◆ Exercise objective:
Count the lines in the data below that include the word "definition", then state the total and nothing besides.

◆ Task material:
══════════════════════════════

(* Let $C$ be a convex subset of a real topological vector space $X$. Then: (i) $\operatorname{fri} C$ is a convex subset of $C$; (ii) for every $x\in\operatorname{fri} C$ and every $y\in C$, the half-open segment $[x,y)=\{(1-t)x+ty: t\in[0,1)\}$ is contained in $\operatorname{fri} C$; (iii) if $\operatorname{fri} C\neq\emptyset$, then $\overline{C}=\overline{\operatorname{fri} C}$; (iv) $\operatorname{fri}(\operatorname{fri} C)=\operatorname{fri} C$.
   Context: For a convex set $C$, a convex subset $F\subseteq C$ is a face of $C$ if for every $x\in F$ and all $y,z\in C$ with $x\in(y,z)=\{(1-t)y+tz:t\in(0,1)\}$ we have $y,z\in F$; $F_{\min}(x,C)$ is the intersection of all faces of $C$ containing $x\in C$. The face relative interior is $\operatorname{fri} C=\{x\in C: C\subseteq\overline{F_{\min}(x,C)}\}$. *)

theory Defs
  imports "HOL-Analysis.Analysis"
begin

definition F_min :: "'a::real_vector \<Rightarrow> 'a set \<Rightarrow> 'a set" where
  "F_min x C = \<Inter> {F. F face_of C \<and> x \<in> F}"

definition fri :: "'a::{real_vector,topological_space} set \<Rightarrow> 'a set" where
  "fri C = {x \<in> C. C \<subseteq> closure (F_min x C)}"

end

theory Submission
  imports Defs
begin

text \<open>
  The minimal face of a convex set \<open>C\<close> at \<open>x\<close> consists exactly of the points \<open>y \<in> C\<close> for
  which the segment from \<open>y\<close> to \<open>x\<close> can be prolonged beyond \<open>x\<close> inside \<open>C\<close>. Moving \<open>x\<close> towards
  any \<open>y \<in> C\<close> keeps \<open>x\<close> inside the minimal face of the moved point, so minimal faces only
  grow along half-open segments \<open>[x, y)\<close>; this gives (i) and (ii). Every point of \<open>C\<close> is a limit
  along such a segment, whence (iii). For (iv), a point \<open>y\<close> of the minimal face of \<open>x \<in> fri C\<close>
  is approached along \<open>[x, y)\<close> by points of \<open>fri C\<close> that can still be prolonged beyond \<open>x\<close>
  within \<open>fri C\<close>, so they lie in the minimal face of \<open>x\<close> relative to \<open>fri C\<close>.
\<close>

lemma face_of_F_min:
  assumes "convex C" "x \<in> C"
  shows "F_min x C face_of C"
proof -
  have "{F. F face_of C \<and> x \<in> F} \<noteq> {}" using assms face_of_refl by blast
  then show ?thesis unfolding F_min_def by (rule face_of_Inter) auto
qed

lemma in_F_min: "x \<in> F_min x C"
  unfolding F_min_def by auto

lemma F_min_subset_face: "F face_of C \<Longrightarrow> x \<in> F \<Longrightarrow> F_min x C \<subseteq> F"
  unfolding F_min_def by auto

lemma in_F_min_segment:
  fixes C :: "'a::real_vector set"
  assumes "convex C" "x \<in> C" "y \<in> C" "0 \<le> t" "t < 1"
  shows "x \<in> F_min ((1 - t) *\<^sub>R x + t *\<^sub>R y) C"
proof (cases "t = 0 \<or> x = y")
  case True
  then have "(1 - t) *\<^sub>R x + t *\<^sub>R y = x" by (auto simp: algebra_simps)
  then show ?thesis using in_F_min by simp
next
  case False
  let ?w = "(1 - t) *\<^sub>R x + t *\<^sub>R y"
  have "?w \<in> C" using assms convexD[OF assms(1-3), of "1 - t" t] by simp
  moreover have "?w \<in> open_segment x y" using False assms by (auto simp: in_segment intro!: exI[of _ t])
  ultimately show ?thesis using face_ofD[OF face_of_F_min, of C ?w] assms(1-3) in_F_min by blast
qed

definition extendable_through :: "'a::real_vector \<Rightarrow> 'a set \<Rightarrow> 'a set" where
  "extendable_through x C = {y \<in> C. \<exists>e>0. x + e *\<^sub>R (x - y) \<in> C}"

lemma extendable_through_subset_face:
  assumes "y \<in> extendable_through x C" "F face_of C" "x \<in> F"
  shows "y \<in> F"
proof (cases "y = x")
  case True then show ?thesis using assms(3) by simp
next
  case False
  obtain e where e: "e > 0" and yC: "y \<in> C" and zC: "x + e *\<^sub>R (x - y) \<in> C"
    using assms(1) by (auto simp: extendable_through_def)
  let ?z = "x + e *\<^sub>R (x - y)"
  define u where "u = 1 / (1 + e)"
  have u: "0 < u" "u < 1" "u * (1 + e) = 1" using e by (auto simp: u_def field_simps)
  have "(1 - u) *\<^sub>R y + u *\<^sub>R ?z = (1 - u * (1 + e)) *\<^sub>R y + (u * (1 + e)) *\<^sub>R x"
    by (simp add: algebra_simps)
  then have "x = (1 - u) *\<^sub>R y + u *\<^sub>R ?z" using u by simp
  moreover have "y \<noteq> ?z"
  proof
    assume "y = ?z"
    then have "(1 + e) *\<^sub>R (x - y) = 0" by (simp add: algebra_simps)
    then show False using e False by simp
  qed
  ultimately have "x \<in> open_segment y ?z" using u unfolding in_segment by blast
  then show ?thesis using face_ofD[OF assms(2)] assms(3) yC zC by blast
qed

lemma convex_prolongation_shrink:
  fixes C :: "'a::real_vector set"
  assumes "convex C" "x \<in> C" "x + e' *\<^sub>R (x - y) \<in> C" "0 < e" "e \<le> e'"
  shows "x + e *\<^sub>R (x - y) \<in> C"
proof -
  define a where "a = e / e'"
  have a: "0 \<le> a" "a \<le> 1" "a * e' = e" using assms by (auto simp: a_def field_simps)
  have "(1 - a) *\<^sub>R x + a *\<^sub>R (x + e' *\<^sub>R (x - y)) \<in> C"
    using convexD[OF assms(1-3), of "1 - a" a] a by simp
  also have "(1 - a) *\<^sub>R x + a *\<^sub>R (x + e' *\<^sub>R (x - y)) = x + (a * e') *\<^sub>R (x - y)"
    by (simp add: algebra_simps)
  finally show ?thesis using a by simp
qed

lemma convex_extendable_through:
  fixes C :: "'a::real_vector set"
  assumes "convex C" "x \<in> C"
  shows "convex (extendable_through x C)"
  unfolding convex_def
proof (intro ballI allI impI)
  fix y1 y2 :: 'a and u v :: real
  assume "y1 \<in> extendable_through x C" "y2 \<in> extendable_through x C"
    and uv: "0 \<le> u" "0 \<le> v" "u + v = 1"
  then obtain e1 e2 where e1: "e1 > 0" "x + e1 *\<^sub>R (x - y1) \<in> C" "y1 \<in> C"
    and e2: "e2 > 0" "x + e2 *\<^sub>R (x - y2) \<in> C" "y2 \<in> C"
    by (auto simp: extendable_through_def)
  define e where "e = min e1 e2"
  have "x + e *\<^sub>R (x - y1) \<in> C" "x + e *\<^sub>R (x - y2) \<in> C"
    using convex_prolongation_shrink[OF assms e1(2)] convex_prolongation_shrink[OF assms e2(2)]
      e1 e2 by (auto simp: e_def)
  then have "u *\<^sub>R (x + e *\<^sub>R (x - y1)) + v *\<^sub>R (x + e *\<^sub>R (x - y2)) \<in> C"
    using convexD[OF assms(1)] uv by simp
  also have "u *\<^sub>R (x + e *\<^sub>R (x - y1)) + v *\<^sub>R (x + e *\<^sub>R (x - y2))
      = (u + v) *\<^sub>R x + e *\<^sub>R ((u + v) *\<^sub>R x - (u *\<^sub>R y1 + v *\<^sub>R y2))"
    by (simp add: algebra_simps)
  finally have "x + e *\<^sub>R (x - (u *\<^sub>R y1 + v *\<^sub>R y2)) \<in> C" using uv by simp
  moreover have "u *\<^sub>R y1 + v *\<^sub>R y2 \<in> C" using convexD[OF assms(1) e1(3) e2(3)] uv by simp
  moreover have "e > 0" using e1 e2 by (simp add: e_def)
  ultimately show "u *\<^sub>R y1 + v *\<^sub>R y2 \<in> extendable_through x C"
    by (auto simp: extendable_through_def)
qed

lemma extendable_through_segment_endpoint:
  fixes C :: "'a::real_vector set"
  assumes "convex C" "a \<in> C" "b \<in> C" "(1 - s) *\<^sub>R a + s *\<^sub>R b \<in> extendable_through x C"
    "0 < s" "s < 1"
  shows "a \<in> extendable_through x C"
proof -
  let ?w = "(1 - s) *\<^sub>R a + s *\<^sub>R b"
  obtain e where e: "e > 0" and zC: "x + e *\<^sub>R (x - ?w) \<in> C"
    using assms(4) by (auto simp: extendable_through_def)
  \<comment> \<open>The convex combination of \<open>x + e (x - w)\<close> and \<open>b\<close> that cancels \<open>b\<close> prolongs \<open>[a, x]\<close>.\<close>
  define l where "l = 1 / (1 + e * s)"
  define d where "d = l * e * (1 - s)"
  have es: "0 < e * s" using e assms by simp
  have l: "0 \<le> l" "l \<le> 1" "1 - l = l * e * s" using es by (auto simp: l_def field_simps)
  have d: "d > 0" using e assms es by (simp add: d_def l_def add_pos_pos)
  have "l *\<^sub>R (x + e *\<^sub>R (x - ?w)) + (1 - l) *\<^sub>R b \<in> C"
    using convexD[OF assms(1) zC assms(3), of l "1 - l"] l by simp
  also have "l *\<^sub>R (x + e *\<^sub>R (x - ?w)) + (1 - l) *\<^sub>R b
      = (l + l * e) *\<^sub>R x - (l * e * (1 - s)) *\<^sub>R a + ((1 - l) - l * e * s) *\<^sub>R b"
    by (simp add: algebra_simps)
  also have "\<dots> = (1 + d) *\<^sub>R x - d *\<^sub>R a"
    using l by (simp add: d_def algebra_simps flip: scaleR_add_left)
  also have "\<dots> = x + d *\<^sub>R (x - a)" by (simp add: algebra_simps)
  finally show ?thesis using d assms(2) by (auto simp: extendable_through_def)
qed

lemma extendable_through_face_of:
  fixes C :: "'a::real_vector set"
  assumes "convex C" "x \<in> C"
  shows "extendable_through x C face_of C"
  unfolding face_of_def
proof (intro conjI ballI impI)
  show "extendable_through x C \<subseteq> C" by (auto simp: extendable_through_def)
  show "convex (extendable_through x C)" using convex_extendable_through[OF assms] .
next
  fix a b w assume ab: "a \<in> C" "b \<in> C" and w: "w \<in> extendable_through x C"
    and "w \<in> open_segment a b"
  then obtain s where s: "0 < s" "s < 1" "w = (1 - s) *\<^sub>R a + s *\<^sub>R b"
    by (auto simp: in_segment)
  show "a \<in> extendable_through x C"
    using extendable_through_segment_endpoint[OF assms(1) ab] w s by blast
  have "(1 - (1 - s)) *\<^sub>R b + (1 - s) *\<^sub>R a \<in> extendable_through x C"
    using w s by (simp add: add.commute)
  then show "b \<in> extendable_through x C"
    using extendable_through_segment_endpoint[OF assms(1) ab(2,1), where s = "1 - s"] s by simp
qed

lemma F_min_eq_extendable_through:
  fixes C :: "'a::real_vector set"
  assumes "convex C" "x \<in> C"
  shows "F_min x C = extendable_through x C"
proof
  have "x \<in> extendable_through x C" using assms by (auto simp: extendable_through_def intro: exI[of _ 1])
  then show "F_min x C \<subseteq> extendable_through x C"
    using F_min_subset_face[OF extendable_through_face_of[OF assms]] by blast
  show "extendable_through x C \<subseteq> F_min x C"
    using extendable_through_subset_face face_of_F_min[OF assms] in_F_min by blast
qed

lemma fri_subset: "fri C \<subseteq> C"
  by (auto simp: fri_def)

lemma fri_segment:
  fixes C :: "'a::{real_vector,topological_space} set"
  assumes "convex C" "x \<in> fri C" "y \<in> C" "0 \<le> t" "t < 1"
  shows "(1 - t) *\<^sub>R x + t *\<^sub>R y \<in> fri C"
proof -
  let ?w = "(1 - t) *\<^sub>R x + t *\<^sub>R y"
  have xC: "x \<in> C" and C_sub: "C \<subseteq> closure (F_min x C)" using assms(2) by (auto simp: fri_def)
  have wC: "?w \<in> C" using assms xC convexD[OF assms(1) xC assms(3), of "1 - t" t] by simp
  have "F_min x C \<subseteq> F_min ?w C"
    using F_min_subset_face[OF face_of_F_min[OF assms(1) wC] in_F_min_segment[OF assms(1) xC assms(3-5)]] .
  then have "closure (F_min x C) \<subseteq> closure (F_min ?w C)" by (rule closure_mono)
  then show ?thesis using C_sub wC by (auto simp: fri_def)
qed

lemma convex_fri:
  fixes C :: "'a::{real_vector,topological_space} set"
  assumes "convex C"
  shows "convex (fri C)"
  unfolding convex_alt
proof (intro ballI allI impI)
  fix x y :: 'a and u :: real
  assume x: "x \<in> fri C" and y: "y \<in> fri C" and u: "0 \<le> u \<and> u \<le> 1"
  show "(1 - u) *\<^sub>R x + u *\<^sub>R y \<in> fri C"
  proof (cases "u = 1")
    case True then show ?thesis using y by simp
  next
    case False then show ?thesis using fri_segment[OF assms x, of y u] y fri_subset u by auto
  qed
qed

lemma closure_half_open_segment:
  fixes x y :: "'a::{real_vector, topological_ab_group_add}"
  assumes scaleR_cont: "continuous_on UNIV (\<lambda>p :: real \<times> 'a. fst p *\<^sub>R snd p)"
    and segment: "\<And>t. 0 \<le> t \<Longrightarrow> t < 1 \<Longrightarrow> (1 - t) *\<^sub>R x + t *\<^sub>R y \<in> T"
  shows "y \<in> closure T"
proof -
  define g where "g = (\<lambda>t::real. x + t *\<^sub>R (y - x))"
  have g_eq: "g t = (1 - t) *\<^sub>R x + t *\<^sub>R y" for t by (simp add: g_def algebra_simps)
  have "continuous_on UNIV (\<lambda>t::real. t *\<^sub>R (y - x))"
    using continuous_on_compose2[OF scaleR_cont, of UNIV "\<lambda>t. (t, y - x)"]
    by (simp add: continuous_on_Pair continuous_on_id continuous_on_const)
  then have "continuous_on (closure {0..<1}) g"
    unfolding g_def by (intro continuous_on_add continuous_on_const) (auto intro: continuous_on_subset)
  moreover have "g ` {0..<1} \<subseteq> T" using segment g_eq by auto
  ultimately have "g ` closure {0..<1} \<subseteq> closure T"
    by (meson closure_mono image_closure_subset closed_closure subset_trans closure_subset)
  moreover have "(1::real) \<in> closure {0..<1}" by simp
  ultimately show ?thesis using g_eq[of 1] by auto
qed

lemma closure_fri:
  fixes C :: "'a::{real_vector, topological_ab_group_add} set"
  assumes "continuous_on UNIV (\<lambda>p :: real \<times> 'a. fst p *\<^sub>R snd p)" "convex C" "fri C \<noteq> {}"
  shows "closure C = closure (fri C)"
proof
  obtain x where x: "x \<in> fri C" using assms(3) by blast
  have "C \<subseteq> closure (fri C)"
    using closure_half_open_segment[OF assms(1)] fri_segment[OF assms(2) x] by blast
  then show "closure C \<subseteq> closure (fri C)" by (simp add: closure_minimal)
  show "closure (fri C) \<subseteq> closure C" using fri_subset by (rule closure_mono)
qed

lemma half_open_segment_subset_F_min_fri:
  fixes C :: "'a::{real_vector,topological_space} set"
  assumes "convex C" "x \<in> fri C" "y \<in> extendable_through x C" "0 \<le> t" "t < 1"
  shows "(1 - t) *\<^sub>R x + t *\<^sub>R y \<in> F_min x (fri C)"
proof -
  let ?w = "(1 - t) *\<^sub>R x + t *\<^sub>R y"
  obtain e where e: "e > 0" and yC: "y \<in> C" and zC: "x + e *\<^sub>R (x - y) \<in> C"
    using assms(3) by (auto simp: extendable_through_def)
  have "(1 - t/2) *\<^sub>R x + (t/2) *\<^sub>R (x + e *\<^sub>R (x - y)) \<in> fri C"
    using fri_segment[OF assms(1,2) zC] assms(4,5) by simp
  also have "(1 - t/2) *\<^sub>R x + (t/2) *\<^sub>R (x + e *\<^sub>R (x - y)) = x + (e/2) *\<^sub>R (x - ?w)"
    by (simp add: algebra_simps)
  finally have "?w \<in> extendable_through x (fri C)"
    using fri_segment[OF assms(1,2) yC assms(4,5)] e
    by (auto simp: extendable_through_def intro!: exI[of _ "e/2"])
  then show ?thesis
    using extendable_through_subset_face face_of_F_min[OF convex_fri[OF assms(1)] assms(2)] in_F_min
    by blast
qed

lemma fri_fri:
  fixes C :: "'a::{real_vector, topological_ab_group_add} set"
  assumes scaleR_cont: "continuous_on UNIV (\<lambda>p :: real \<times> 'a. fst p *\<^sub>R snd p)"
    and "convex C"
  shows "fri (fri C) = fri C"
proof
  show "fri (fri C) \<subseteq> fri C" by (rule fri_subset)
  show "fri C \<subseteq> fri (fri C)"
  proof
    fix x assume x: "x \<in> fri C"
    then have "C \<subseteq> closure (extendable_through x C)"
      using F_min_eq_extendable_through[OF assms(2)] by (auto simp: fri_def)
    moreover have "extendable_through x C \<subseteq> closure (F_min x (fri C))"
      using closure_half_open_segment[OF scaleR_cont]
        half_open_segment_subset_F_min_fri[OF assms(2) x] by blast
    ultimately have "C \<subseteq> closure (F_min x (fri C))"
      by (meson closure_minimal closed_closure subset_trans)
    then show "x \<in> fri (fri C)" using x fri_subset by (auto simp: fri_def)
  qed
qed

theorem proposition4p1:
  fixes C :: "'a::{real_vector, topological_ab_group_add} set"
  assumes tvs_scaleR: "continuous_on UNIV (\<lambda>p :: real \<times> 'a. fst p *\<^sub>R snd p)"
    and "convex C"
  shows "(convex (fri C) \<and> fri C \<subseteq> C)
       \<and> (\<forall>x \<in> fri C. \<forall>y \<in> C.
            {(1 - t) *\<^sub>R x + t *\<^sub>R y | t. 0 \<le> t \<and> t < 1} \<subseteq> fri C)
       \<and> (fri C \<noteq> {} \<longrightarrow> closure C = closure (fri C))
       \<and> fri (fri C) = fri C"
  using convex_fri[OF assms(2)] fri_subset fri_segment[OF assms(2)]
    closure_fri[OF assms] fri_fri[OF assms] by blast

end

══════════════════════════════

◆ Your response:
3